В общем, однако, Берлин и на этот раз понравился ему более других городов Германии. При всем недостатке свободного политического развития Пруссия одна преследовала истинно национальную политику, прусское правительство менее других смотрело на своих подданных как на существа, созданные только для удовлетворения его «bon plaisir» [2]. Из государей Бёрне всегда особенно симпатизировал Генриху IV и прусскому королю Фридриху Великому, которому поклонялся еще во времена своего студенчества. Бёрне так мало скрывал свою симпатию к Пруссии, что министр счел даже возможным предложить ему редактирование официальной театральной газеты, – но Бёрне отклонил это предложение по тем же соображениям, что и заигрывания Меттерниха.

В Берлине Бёрне снова увидел и свою первую любовь, m-me Герц.
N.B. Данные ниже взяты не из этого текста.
lemma G3_subset_upper: "G 3 \<subseteq> upper"
  unfolding upper_def using zero_in_G(2)
  by (metis (mono_tags, lifting) CollectI add_0_left subsetI)

lemma G1_inter_upper:
  assumes "x \<in> G 1" "x \<in> upper"
  shows "x = 0"
proof -
  obtain y z where "y \<in> G 2" "z \<in> G 3" "x = y + z"
    using assms(2) unfolding upper_def by blast
  then show ?thesis
    using grading_unique[of x 0 0 0 y z] assms(1) zero_in_G by simp
qed

lemma nspace_eq_G1_plus_upper: "nspace n = {x + y | x y. x \<in> G 1 \<and> y \<in> upper}"
proof
  show "nspace n \<subseteq> {x + y | x y. x \<in> G 1 \<and> y \<in> upper}"
  proof
    fix v :: "nb \<Rightarrow> 'k" assume "v \<in> nspace n"
    then obtain v1 v2 v3 where "v1 \<in> G 1" "v2 \<in> G 2" "v3 \<in> G 3" "v = v1 + v2 + v3"
      by (rule grading_decomposition)
    then show "v \<in> {x + y | x y. x \<in> G 1 \<and> y \<in> upper}"
      unfolding upper_def by (auto simp: add.assoc)
  qed
  show "{x + y | x y. x \<in> G 1 \<and> y \<in> upper} \<subseteq> nspace n"
    using G_subset_nspace upper_subset_nspace by (blast intro: nspace_add)
qed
Ей теперь было уже 64 года, но она еще сохранила следы прежней красоты. Несмотря на свои лета, она по-прежнему вела необыкновенно деятельный образ жизни. Каждое утро с 9 до 12 часов она бесплатно давала уроки детям обедневших родителей. Бёрне бывал у нее ежедневно, как по желанию самой Герц, так и по собственному побуждению. «Я иду теперь от m-me Герц, к которой заходил проститься, – пишет он 28 апреля. – Она подставила мне щеку для поцелуя. Когда 25 лет тому назад я уходил от нее в слезах, будучи не в состоянии от избытка чувств произнести ни слова, тогда мне было 17 лет, она в своей летней поре, я любил ее и мог поцеловать только ее руку».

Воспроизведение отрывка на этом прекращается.